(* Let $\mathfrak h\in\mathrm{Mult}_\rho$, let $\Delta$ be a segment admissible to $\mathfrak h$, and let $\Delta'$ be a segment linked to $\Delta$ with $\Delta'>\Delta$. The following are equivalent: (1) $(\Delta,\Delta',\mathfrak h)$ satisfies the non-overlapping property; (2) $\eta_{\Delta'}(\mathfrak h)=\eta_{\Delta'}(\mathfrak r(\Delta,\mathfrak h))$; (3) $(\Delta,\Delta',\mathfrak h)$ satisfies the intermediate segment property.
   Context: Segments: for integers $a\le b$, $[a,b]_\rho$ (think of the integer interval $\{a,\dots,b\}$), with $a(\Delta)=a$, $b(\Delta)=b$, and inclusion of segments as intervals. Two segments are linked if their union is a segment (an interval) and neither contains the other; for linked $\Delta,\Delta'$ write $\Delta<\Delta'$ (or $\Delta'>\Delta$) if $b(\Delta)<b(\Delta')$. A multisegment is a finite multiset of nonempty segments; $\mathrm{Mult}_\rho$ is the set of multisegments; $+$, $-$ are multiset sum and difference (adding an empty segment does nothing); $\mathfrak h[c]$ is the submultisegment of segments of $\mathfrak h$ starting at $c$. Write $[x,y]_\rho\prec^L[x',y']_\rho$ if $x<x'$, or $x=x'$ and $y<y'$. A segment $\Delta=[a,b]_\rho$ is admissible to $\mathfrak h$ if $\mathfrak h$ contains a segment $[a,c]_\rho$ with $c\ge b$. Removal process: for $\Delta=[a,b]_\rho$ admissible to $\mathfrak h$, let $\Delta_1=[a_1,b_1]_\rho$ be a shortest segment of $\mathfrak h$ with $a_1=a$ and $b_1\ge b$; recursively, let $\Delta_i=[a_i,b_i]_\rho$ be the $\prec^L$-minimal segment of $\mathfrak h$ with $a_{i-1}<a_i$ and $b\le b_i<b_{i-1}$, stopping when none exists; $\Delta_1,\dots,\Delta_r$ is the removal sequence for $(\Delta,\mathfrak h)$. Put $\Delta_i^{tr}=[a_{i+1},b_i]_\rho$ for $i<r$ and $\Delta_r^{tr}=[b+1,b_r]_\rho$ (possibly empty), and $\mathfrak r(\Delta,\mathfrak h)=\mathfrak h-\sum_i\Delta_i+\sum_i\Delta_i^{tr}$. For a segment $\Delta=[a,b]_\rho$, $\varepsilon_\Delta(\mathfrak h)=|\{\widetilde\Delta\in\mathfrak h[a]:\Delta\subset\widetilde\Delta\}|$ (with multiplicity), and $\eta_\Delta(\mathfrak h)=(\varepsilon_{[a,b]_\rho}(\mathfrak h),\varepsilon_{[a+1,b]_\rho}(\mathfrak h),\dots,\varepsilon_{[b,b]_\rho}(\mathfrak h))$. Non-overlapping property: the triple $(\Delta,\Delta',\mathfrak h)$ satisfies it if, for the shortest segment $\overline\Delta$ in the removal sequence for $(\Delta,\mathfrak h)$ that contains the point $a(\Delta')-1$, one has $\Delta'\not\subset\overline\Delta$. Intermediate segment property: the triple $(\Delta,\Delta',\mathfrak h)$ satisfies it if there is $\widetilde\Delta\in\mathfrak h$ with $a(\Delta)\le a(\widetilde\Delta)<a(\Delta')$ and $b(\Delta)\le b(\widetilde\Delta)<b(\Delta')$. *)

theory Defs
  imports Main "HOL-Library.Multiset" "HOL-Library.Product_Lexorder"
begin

*Task directions*
The answer must be the full listing, restated word for word.

*Your response*
(* Let $\mathfrak h\in\mathrm{Mult}_\rho$, let $\Delta$ be a segment admissible to $\mathfrak h$, and let $\Delta'$ be a segment linked to $\Delta$ with $\Delta'>\Delta$. The following are equivalent: (1) $(\Delta,\Delta',\mathfrak h)$ satisfies the non-overlapping property; (2) $\eta_{\Delta'}(\mathfrak h)=\eta_{\Delta'}(\mathfrak r(\Delta,\mathfrak h))$; (3) $(\Delta,\Delta',\mathfrak h)$ satisfies the intermediate segment property.
   Context: Segments: for integers $a\le b$, $[a,b]_\rho$ (think of the integer interval $\{a,\dots,b\}$), with $a(\Delta)=a$, $b(\Delta)=b$, and inclusion of segments as intervals. Two segments are linked if their union is a segment (an interval) and neither contains the other; for linked $\Delta,\Delta'$ write $\Delta<\Delta'$ (or $\Delta'>\Delta$) if $b(\Delta)<b(\Delta')$. A multisegment is a finite multiset of nonempty segments; $\mathrm{Mult}_\rho$ is the set of multisegments; $+$, $-$ are multiset sum and difference (adding an empty segment does nothing); $\mathfrak h[c]$ is the submultisegment of segments of $\mathfrak h$ starting at $c$. Write $[x,y]_\rho\prec^L[x',y']_\rho$ if $x<x'$, or $x=x'$ and $y<y'$. A segment $\Delta=[a,b]_\rho$ is admissible to $\mathfrak h$ if $\mathfrak h$ contains a segment $[a,c]_\rho$ with $c\ge b$. Removal process: for $\Delta=[a,b]_\rho$ admissible to $\mathfrak h$, let $\Delta_1=[a_1,b_1]_\rho$ be a shortest segment of $\mathfrak h$ with $a_1=a$ and $b_1\ge b$; recursively, let $\Delta_i=[a_i,b_i]_\rho$ be the $\prec^L$-minimal segment of $\mathfrak h$ with $a_{i-1}<a_i$ and $b\le b_i<b_{i-1}$, stopping when none exists; $\Delta_1,\dots,\Delta_r$ is the removal sequence for $(\Delta,\mathfrak h)$. Put $\Delta_i^{tr}=[a_{i+1},b_i]_\rho$ for $i<r$ and $\Delta_r^{tr}=[b+1,b_r]_\rho$ (possibly empty), and $\mathfrak r(\Delta,\mathfrak h)=\mathfrak h-\sum_i\Delta_i+\sum_i\Delta_i^{tr}$. For a segment $\Delta=[a,b]_\rho$, $\varepsilon_\Delta(\mathfrak h)=|\{\widetilde\Delta\in\mathfrak h[a]:\Delta\subset\widetilde\Delta\}|$ (with multiplicity), and $\eta_\Delta(\mathfrak h)=(\varepsilon_{[a,b]_\rho}(\mathfrak h),\varepsilon_{[a+1,b]_\rho}(\mathfrak h),\dots,\varepsilon_{[b,b]_\rho}(\mathfrak h))$. Non-overlapping property: the triple $(\Delta,\Delta',\mathfrak h)$ satisfies it if, for the shortest segment $\overline\Delta$ in the removal sequence for $(\Delta,\mathfrak h)$ that contains the point $a(\Delta')-1$, one has $\Delta'\not\subset\overline\Delta$. Intermediate segment property: the triple $(\Delta,\Delta',\mathfrak h)$ satisfies it if there is $\widetilde\Delta\in\mathfrak h$ with $a(\Delta)\le a(\widetilde\Delta)<a(\Delta')$ and $b(\Delta)\le b(\widetilde\Delta)<b(\Delta')$. *)

theory Defs
  imports Main "HOL-Library.Multiset" "HOL-Library.Product_Lexorder"
begin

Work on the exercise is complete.